# Document Question Answering

In [1]:
from langchain.vectorstores import Chroma
from langchain.embeddings import OpenAIEmbeddings
from langchain.chat_models import ChatOpenAI
from langchain.chains import RetrievalQAWithSourcesChain

In [2]:
import os
import textwrap
from dotenv import load_dotenv, find_dotenv
load_dotenv(find_dotenv())

open.api_key = os.environ['OPENAI_API_KEY']

## Initialize ChromaDB

In [3]:
embeddings = OpenAIEmbeddings()
persist_directory = 'chroma/'
vectordb = Chroma(persist_directory=persist_directory, embedding_function=embeddings)
print(vectordb._collection.count())
vectordb.persist()

199


## Create the chain and a helper function

Initialize the chain we will use for question answering.

In [4]:
llm_model_name = "gpt-3.5-turbo"
#llm_model_name = "gpt-4"
llm = ChatOpenAI(model_name=llm_model_name, temperature=0)

qa = RetrievalQAWithSourcesChain.from_chain_type(
    llm,
    retriever=vectordb.as_retriever(),
    return_source_documents=True
)

def pretty_query (query, qa=qa):
    result = qa(query)
    print(f"{textwrap.fill(result['answer'])}\n\nSource: {result['sources']}")
    

## Ask questions!

Now we can use the chain to ask questions!

In [5]:
pretty_query ("What did the president say about large corporations and the wealthy?")

The president mentioned that he wants corporations and the wealthiest
Americans to start paying their fair share of taxes. He proposed a 15%
minimum tax rate for corporations and closing loopholes that allow the
wealthy to pay a lower tax rate than others. He also mentioned that
the previous administration's tax cuts for the wealthy and
corporations led to bigger deficits and a wider wealth gap. The
president's plan aims to grow the economy and lower costs for
families.

Source: data/state_of_the_union.txt


In [6]:
pretty_query ("What does Sarah Silverman allege against OpenAI?")

Sarah Silverman alleges that OpenAI engaged in direct copyright
infringement by making unauthorized copies of her book, The Bedwetter,
as well as the books of Christopher Golden and Richard Kadrey. OpenAI
used these copies to train their OpenAI Language Models without the
permission of the authors. This constitutes a violation of the
authors' exclusive rights under copyright law.

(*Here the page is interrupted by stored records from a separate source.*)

lemma orientation_subset_vertices:
  assumes "is_orientation E D" "\<forall>e\<in>E. e \<subseteq> V"
  shows "D \<subseteq> V \<times> V"
proof safe
  fix x y assume "(x, y) \<in> D"
  moreover have "\<forall>(x, y)\<in>D. x \<noteq> y \<and> {x, y} \<in> E"
    using assms(1) unfolding is_orientation_def by (rule conjunct1)
  ultimately have "{x, y} \<in> E" by blast
  with assms(2) show "x \<in> V" "y \<in> V" by auto
qed

lemma orientation_arc_of_edge:
  assumes "is_orientation E D" "{x, y} \<in> E"
  shows "(x, y) \<in> D \<or> (y, x) \<in> D"
proof -
  have "\<forall>e\<in>E. \<exists>!p. p \<in> D \<and> e = {fst p, snd p}"
    using assms(1) unfolding is_orientation_def by (rule conjunct2)
  with assms(2) have "\<exists>p\<in>D. {x, y} = {fst p, snd p}" by (meson ex1_implies_ex)
  then obtain a b where "(a, b) \<in> D" "{x, y} = {a, b}" by auto
  then show ?thesis by (auto simp: doubleton_eq_iff)
qed

lemma is_orientationI:
  assumes arcs: "\<forall>(x, y)\<in>D. x \<noteq> y \<and> {x, y} \<in> E" and antisym: "\<forall>(x, y)\<in>D. (y, x) \<notin> D"
    and covers: "\<forall>e\<in>E. \<exists>(x, y)\<in>D. e = {x, y}"
  shows "is_orientation E D"
  unfolding is_orientation_def
proof (rule conjI[OF arcs], rule ballI)
  fix e assume "e \<in> E"
  with covers obtain x y where xy: "(x, y) \<in> D" "e = {x, y}" by blast
  show "\<exists>!p. p \<in> D \<and> e = {fst p, snd p}"
  proof (rule ex1I[of _ "(x, y)"])
    fix q assume q: "q \<in> D \<and> e = {fst q, snd q}"
    obtain a b where "q = (a, b)" by fastforce
    with q xy antisym show "q = (x, y)" by (auto simp: doubleton_eq_iff)
  qed (use xy in simp)
qed

lemma EE_eq_EO_if_clique:
  assumes V: "finite V" and D: "is_orientation E D" and E: "\<forall>e\<in>E. e \<subseteq> V"
    and K: "K \<subseteq> V" "\<forall>x\<in>K. \<forall>y\<in>K. x \<noteq> y \<longrightarrow> {x, y} \<in> E"
    and deg: "\<forall>x\<in>V. outdeg D x < k" and k: "k < card K"
  shows "EE D = EO D"
proof (rule ccontr)
  assume "EE D \<noteq> EO D"
  with Alon_Tarsi[OF V orientation_subset_vertices[OF D E] deg]
  obtain c where c: "\<forall>x\<in>V. c x < k" "\<forall>(x, y)\<in>D. c x \<noteq> c y" by blast
  have "inj_on c K"
  proof (rule inj_onI, rule ccontr)
    fix x y assume "x \<in> K" "y \<in> K" "c x = c y" "x \<noteq> y"
    with K c(2) orientation_arc_of_edge[OF D] show False by fastforce
  qed
  then have "card K \<le> card {..<k}"
    using c(1) K(1) by (intro card_inj_on_le) auto
  with k show False by simp
qed

section \<open>The graph \<open>G\<^sub>n\<close> and an orientation with \<open>EE \<noteq> EO\<close>\<close>

definition Gn_pair :: "nat \<Rightarrow> nat \<Rightarrow> nat \<Rightarrow> bool" where
  "Gn_pair m x y \<longleftrightarrow> (x < m \<and> y < m) \<or> (m \<le> x \<and> x < 2*m \<and> m \<le> y \<and> y < 2*m) \<or>
     (x < 2*m \<and> (y = 2*m \<or> y = 2*m+1))"

lemma Gn_edges_eq: "Gn_edges (2*m+2) = {{x, y} | x y. x \<noteq> y \<and> Gn_pair m x y}"
  by (simp add: Gn_edges_def Gn_pair_def)

lemma Gn_edges_subset: "e \<in> Gn_edges (2*m+2) \<Longrightarrow> e \<subseteq> {0..<2*m+2}"
  unfolding Gn_edges_eq Gn_pair_def by auto

lemma Gn_clique:
  assumes "x \<in> insert (2*m) {..<m}" "y \<in> insert (2*m) {..<m}" "x \<noteq> y"
  shows "{x, y} \<in> Gn_edges (2*m+2)"
proof -
  have "Gn_pair m x y \<or> Gn_pair m y x" using assms by (auto simp: Gn_pair_def)
  then show ?thesis unfolding Gn_edges_eq using assms(3) by (auto simp: insert_commute)
qed

definition arcs_Q1 :: "nat \<Rightarrow> (nat \<times> nat) set" where
  "arcs_Q1 m = {(i, j). (i < j \<and> j < m) \<or> (i = 2*m \<and> j < m) \<or> (i < m \<and> j = 2*m+1)}"

definition arcs_Q2 :: "nat \<Rightarrow> (nat \<times> nat) set" where
  "arcs_Q2 m = {(i, j). (m \<le> i \<and> i < j \<and> j < 2*m) \<or> (i = 2*m+1 \<and> m \<le> j \<and> j < 2*m) \<or>
     (m \<le> i \<and> i < 2*m \<and> j = 2*m)}"

definition Gn_orientation :: "nat \<Rightarrow> (nat \<times> nat) set" where
  "Gn_orientation m = arcs_Q1 m \<union> arcs_Q2 m"

lemma finite_arcs_Q1: "finite (arcs_Q1 m)"
  by (rule finite_subset[of _ "{..2*m+1} \<times> {..2*m+1}"]) (auto simp: arcs_Q1_def)

lemma finite_arcs_Q2: "finite (arcs_Q2 m)"
  by (rule finite_subset[of _ "{..2*m+1} \<times> {..2*m+1}"]) (auto simp: arcs_Q2_def)

lemma arcs_Q1_Q2_disjoint: "arcs_Q1 m \<inter> arcs_Q2 m = {}"
  by (auto simp: arcs_Q1_def arcs_Q2_def)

Source: data/silverman-openai-complaint.pdf


###  This code seems to be unable to distinguish the Mar-a-Lago indictment from the later indictment.

In [19]:
pretty_query("What does the District of Columbia indictment against Donald Trump allege?  I am not intersted in the Florida indictment.")

The District of Columbia indictment against Donald Trump alleges new
charges related to documents with classified markings discovered at
Mar-a-Lago. The charges include altering, destroying, mutilating, or
concealing an object; corruptly altering, destroying, mutilating or
concealing a document, record or other object; and willful retention
of national defense information. Trump was previously charged with 37
felony counts, including willful retention of classified documents and
conspiracy to obstruct justice. He has pleaded not guilty. The trial
is set for May 2024 in Fort Pierce, Florida. Carlos De Oliveira, a
Mar-a-Lago property manager and former valet, has also been charged in
the case. Walt Nauta, a former aide to Trump, has pleaded not guilty
to the charges.

Source: data/doc-3.txt


In [8]:
pretty_query ("Did Richard Robbins and his colleagues reach a conclusion about whether semantic metrics are better than lexical metrics for text generation tasks?")

Richard Robbins and his colleagues concluded that semantic metrics are
more robust indicators of success at question generation than lexical
metrics. They found that predictions with high semantic metric scores
but low lexical metric scores still captured the essence of the target
questions, while predictions with high lexical metric scores but low
semantic metric scores did not adequately capture the essence. They
specifically mentioned that METEOR was the best of the lexical
similarity metrics they considered.

Source: data/Question_Generation.pdf


In [9]:
pretty_query ("Can Epiq employees use AI tools at work?")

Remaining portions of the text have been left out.